__Collected data entries__:
────────────────────────────────────────

(* For all $t>0$, writing $u(0+,t)=\lim_{x\searrow0}u(x,t)$: (1) if $F(0,t)<G(0,t)$, then $u(0+,t)<0$; (2) if $u(0+,t)<0$, then $F(0,t)\le G(0,t)$.
   Context: Standing assumptions: $u_0,u_b:[0,\infty)\to\mathbb{R}$ bounded measurable with $u_b>0$; $\rho_0,\rho_b:[0,\infty)\to(0,\infty)$ positive locally bounded measurable. For $x,t,y,\tau\ge0$: $F(y,x,t)=\int_0^y[tu_0(\eta)+\eta-x]\rho_0(\eta)\,d\eta$, $G(\tau,x,t)=\int_0^\tau[x-u_b(\eta)(t-\eta)]\rho_b(\eta)u_b(\eta)\,d\eta$, $F(x,t)=\min_{y\ge0}F(y,x,t)$, $G(x,t)=\min_{\tau\ge0}G(\tau,x,t)$ (minima attained); $y_*\le y^*$ smallest/largest minimizers of $F(\cdot,x,t)$, $\tau_*\le\tau^*$ those of $G(\cdot,x,t)$. Definition of $u$: for $x,t>0$: (a) if $F(x,t)<G(x,t)$, $y_*=y^*$: $u=\frac{x-y_*}{t}$; (b) if $F<G$, $y_*<y^*$: $u=\frac{\int_{y_*}^{y^*}\rho_0u_0}{\int_{y_*}^{y^*}\rho_0}$; (c) if $F>G$, $\tau_*=\tau^*$: $u=\frac{x}{t-\tau_*}$; (d) if $F>G$, $\tau_*<\tau^*$: $u=\frac{\int_{\tau_*}^{\tau^*}\rho_bu_b^2}{\int_{\tau_*}^{\tau^*}\rho_bu_b}$; (e) if $F=G$ and ($y^*\ne0$ or $\tau^*\ne0$): $u=\frac{\int_0^{\tau^*}\rho_bu_b^2+\int_0^{y^*}\rho_0u_0}{\int_0^{\tau^*}\rho_bu_b+\int_0^{y^*}\rho_0}$; (f) if $F=G$, $y^*=\tau^*=0$: $u=x/t$. For $x=0$: $u(0,t)=u_b(t)$ if $F(0,t)>G(0,t)$, $0$ if $F(0,t)<G(0,t)$, formula (e) with $x=0$ if $F(0,t)=G(0,t)$. *)

theory Defs
  imports "HOL-Analysis.Analysis"
begin

text \<open>Data: u0, ub, rho0, rhob :: real => real, only their values on [0,inf) matter.\<close>

definition Fy :: "(real \<Rightarrow> real) \<Rightarrow> (real \<Rightarrow> real) \<Rightarrow> real \<Rightarrow> real \<Rightarrow> real \<Rightarrow> real" where
  "Fy u0 \<rho>0 y x t = (LINT \<eta>:{0..y}|lborel. (t * u0 \<eta> + \<eta> - x) * \<rho>0 \<eta>)"

definition G\<tau> :: "(real \<Rightarrow> real) \<Rightarrow> (real \<Rightarrow> real) \<Rightarrow> real \<Rightarrow> real \<Rightarrow> real \<Rightarrow> real" where
  "G\<tau> ub \<rho>b \<tau> x t = (LINT \<eta>:{0..\<tau>}|lborel. (x - ub \<eta> * (t - \<eta>)) * \<rho>b \<eta> * ub \<eta>)"

definition Fmin :: "(real \<Rightarrow> real) \<Rightarrow> (real \<Rightarrow> real) \<Rightarrow> real \<Rightarrow> real \<Rightarrow> real" where
  "Fmin u0 \<rho>0 x t = Inf ((\<lambda>y. Fy u0 \<rho>0 y x t) ` {0..})"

────────────────────────────────────────

__TASK REQUIREMENTS__:
Emit verbatim the lines running from the one with "theory Defs" through the last line of the data, both endpoints inclusive.

__EXERCISE RESULT__:
theory Defs
  imports "HOL-Analysis.Analysis"
begin

text \<open>Data: u0, ub, rho0, rhob :: real => real, only their values on [0,inf) matter.\<close>

definition Fy :: "(real \<Rightarrow> real) \<Rightarrow> (real \<Rightarrow> real) \<Rightarrow> real \<Rightarrow> real \<Rightarrow> real \<Rightarrow> real" where
  "Fy u0 \<rho>0 y x t = (LINT \<eta>:{0..y}|lborel. (t * u0 \<eta> + \<eta> - x) * \<rho>0 \<eta>)"

definition G\<tau> :: "(real \<Rightarrow> real) \<Rightarrow> (real \<Rightarrow> real) \<Rightarrow> real \<Rightarrow> real \<Rightarrow> real \<Rightarrow> real" where
  "G\<tau> ub \<rho>b \<tau> x t = (LINT \<eta>:{0..\<tau>}|lborel. (x - ub \<eta> * (t - \<eta>)) * \<rho>b \<eta> * ub \<eta>)"

definition Fmin :: "(real \<Rightarrow> real) \<Rightarrow> (real \<Rightarrow> real) \<Rightarrow> real \<Rightarrow> real \<Rightarrow> real" where
  "Fmin u0 \<rho>0 x t = Inf ((\<lambda>y. Fy u0 \<rho>0 y x t) ` {0..})"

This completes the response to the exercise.